In search of an efferent rule in multisensory binding

Nina Jahn, Kielan Yarrow
Poster
Time: 2009-06-29  11:00 AM – 12:30 PM
Last modified: 2009-06-04

Abstract


How does the brain match corresponding inputs across sensory modalities? Neurophysiological and behavioural studies have suggested that multisensory integration is facilitated by spatial and temporal overlap between inputs (the so called spatial and temporal rules). These rules are sensible, because both cues suggest strongly that the multimodal signals arise from a single cause. A similar inference is reasonable when we ourselves produce an action which causes reafferent feedback in two or more sensory modalities, as when we bang a drum. This observation suggests the possibility of an efferent rule for multisensory integration. We sought experimental evidence for the existence of such a rule. Experiment 1 made use of temporal order adaptation, the tendency for observers to adapt to a multimodal temporal asynchrony following repeated presentations. We predicted that adaptation should be greater for adapting stimuli that could be reliably paired based on efferent information. 18 participants adapted to three asynchronies (0, -200, +200 ms) of a spatially overlapping sound-light pair, and were tested in occasional temporal judgement trials to assess how their points of subjective simultaneity changed.
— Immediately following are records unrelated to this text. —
lemma list_prod_take_eq_iff_block:
  assumes "set gs \<subseteq> carrier G" "i \<le> j"
  shows "list_prod G (take i gs) = list_prod G (take j gs) \<longleftrightarrow> list_prod G (drop i (take j gs)) = \<one>"
proof -
  have "take j gs = take i gs @ drop i (take j gs)"
    using assms(2) by (metis append_take_drop_id min.absorb1 take_take)
  moreover have "set (take i gs) \<subseteq> carrier G" "set (drop i (take j gs)) \<subseteq> carrier G"
    using assms(1) by (auto dest: in_set_takeD in_set_dropD)
  ultimately have "list_prod G (take j gs) = list_prod G (take i gs) \<otimes> list_prod G (drop i (take j gs))"
    by (metis list_prod_append)
  then show ?thesis
    using list_prod_closed \<open>set (take i gs) \<subseteq> carrier G\<close> \<open>set (drop i (take j gs)) \<subseteq> carrier G\<close>
    by simp
qed

lemma is_S_sequencing_iff:
  assumes "set gs \<subseteq> carrier G"
  shows "is_S_sequencing G S gs \<longleftrightarrow>
    is_ordering S gs \<and> (\<forall>j \<le> length gs. \<forall>i < j. list_prod G (drop i (take j gs)) \<noteq> \<one>)"
proof -
  have "inj_on (\<lambda>i. list_prod G (take i gs)) {0..length gs} \<longleftrightarrow>
      (\<forall>j \<le> length gs. \<forall>i < j. list_prod G (take i gs) \<noteq> list_prod G (take j gs))"
  proof
    assume "inj_on (\<lambda>i. list_prod G (take i gs)) {0..length gs}"
    then show "\<forall>j \<le> length gs. \<forall>i < j. list_prod G (take i gs) \<noteq> list_prod G (take j gs)"
      by (auto dest: inj_onD)
  next
    assume "\<forall>j \<le> length gs. \<forall>i < j. list_prod G (take i gs) \<noteq> list_prod G (take j gs)"
    then show "inj_on (\<lambda>i. list_prod G (take i gs)) {0..length gs}"
      by (intro linorder_inj_onI') (metis atLeastAtMost_iff)
  qed
  then show ?thesis
    using list_prod_take_eq_iff_block[OF assms] unfolding is_S_sequencing_def by auto
qed

lemma ex_S_sequencing1I:
  assumes "{p} = S" "p \<in> carrier G" "p \<noteq> \<one>"
  shows "\<exists>gs. is_S_sequencing G S gs"
proof
  show "is_S_sequencing G S [p]"
    using assms(2-) unfolding assms(1)[symmetric]
    by (subst is_S_sequencing_iff) (simp_all add: is_ordering_def list_prod_def All_less_Suc le_Suc_eq)
qed

lemma ex_S_sequencing2I:
  assumes "{p, q} = S" "distinct [p, q]"
    and "p \<in> carrier G" "q \<in> carrier G" "p \<noteq> \<one>" "q \<noteq> \<one>" "p \<otimes> q \<noteq> \<one>"
  shows "\<exists>gs. is_S_sequencing G S gs"
proof
  show "is_S_sequencing G S [p, q]"
    using assms(2-) unfolding assms(1)[symmetric]
    by (subst is_S_sequencing_iff)
      (simp_all add: is_ordering_def list_prod_def numeral_eq_Suc All_less_Suc le_Suc_eq all_conj_distrib)
qed

lemma ex_S_sequencing3I:
  assumes "{p, q, r} = S" "distinct [p, q, r]"
    and "p \<in> carrier G" "q \<in> carrier G" "r \<in> carrier G" "p \<noteq> \<one>" "q \<noteq> \<one>" "r \<noteq> \<one>"
    and "p \<otimes> q \<noteq> \<one>" "q \<otimes> r \<noteq> \<one>" "p \<otimes> q \<otimes> r \<noteq> \<one>"
  shows "\<exists>gs. is_S_sequencing G S gs"
proof
  show "is_S_sequencing G S [p, q, r]"
    using assms(2-) unfolding assms(1)[symmetric]
    by (subst is_S_sequencing_iff)
      (simp_all add: is_ordering_def list_prod_def numeral_eq_Suc All_less_Suc le_Suc_eq all_conj_distrib m_assoc)
qed

lemma ex_S_sequencing4I:
  assumes "{p, q, r, s} = S" "distinct [p, q, r, s]"
    and "p \<in> carrier G" "q \<in> carrier G" "r \<in> carrier G" "s \<in> carrier G"
    and "p \<noteq> \<one>" "q \<noteq> \<one>" "r \<noteq> \<one>" "s \<noteq> \<one>"
    and "p \<otimes> q \<noteq> \<one>" "q \<otimes> r \<noteq> \<one>" "r \<otimes> s \<noteq> \<one>"
    and "p \<otimes> q \<otimes> r \<noteq> \<one>" "q \<otimes> r \<otimes> s \<noteq> \<one>" "p \<otimes> q \<otimes> r \<otimes> s \<noteq> \<one>"
  shows "\<exists>gs. is_S_sequencing G S gs"
proof
  show "is_S_sequencing G S [p, q, r, s]"
    using assms(2-) unfolding assms(1)[symmetric]
    by (subst is_S_sequencing_iff) (simp_all add: is_ordering_def list_prod_def numeral_eq_Suc All_less_Suc
        le_Suc_eq all_conj_distrib m_assoc)
qed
Causality was manipulated in three conditions (causal: button press produces stimulus pair after a short, constant delay; non-causal: button presses are made, but dissociated from the stimulus pair using a longer variable delay; control: No button presses, just stimulus pairs). Simultaneity judgements revealed reliable adaptation, with a similar but non-significant trend in order judgments, but adaptation did not differ across the three experimental conditions, providing no evidence for an efferent rule. Two further experiments assessed multisensory binding more directly, by measuring the variability of judgements about temporal order and simultaneity in response to sound-light pairs coming from the same or different spatial locations. In line with previous results, judgements were more uncertain when stimuli came from the same spatial location, consistent with the stimuli having been combined into a single event. However, we were unable to demonstrate a similar effect when comparing pairs occurring after a key press with those arising at a predictable time but without a preceding action, at least when possible confounds were considered. Hence our search for evidence of an efferent rule in multisensory binding has not yet yielded positive results.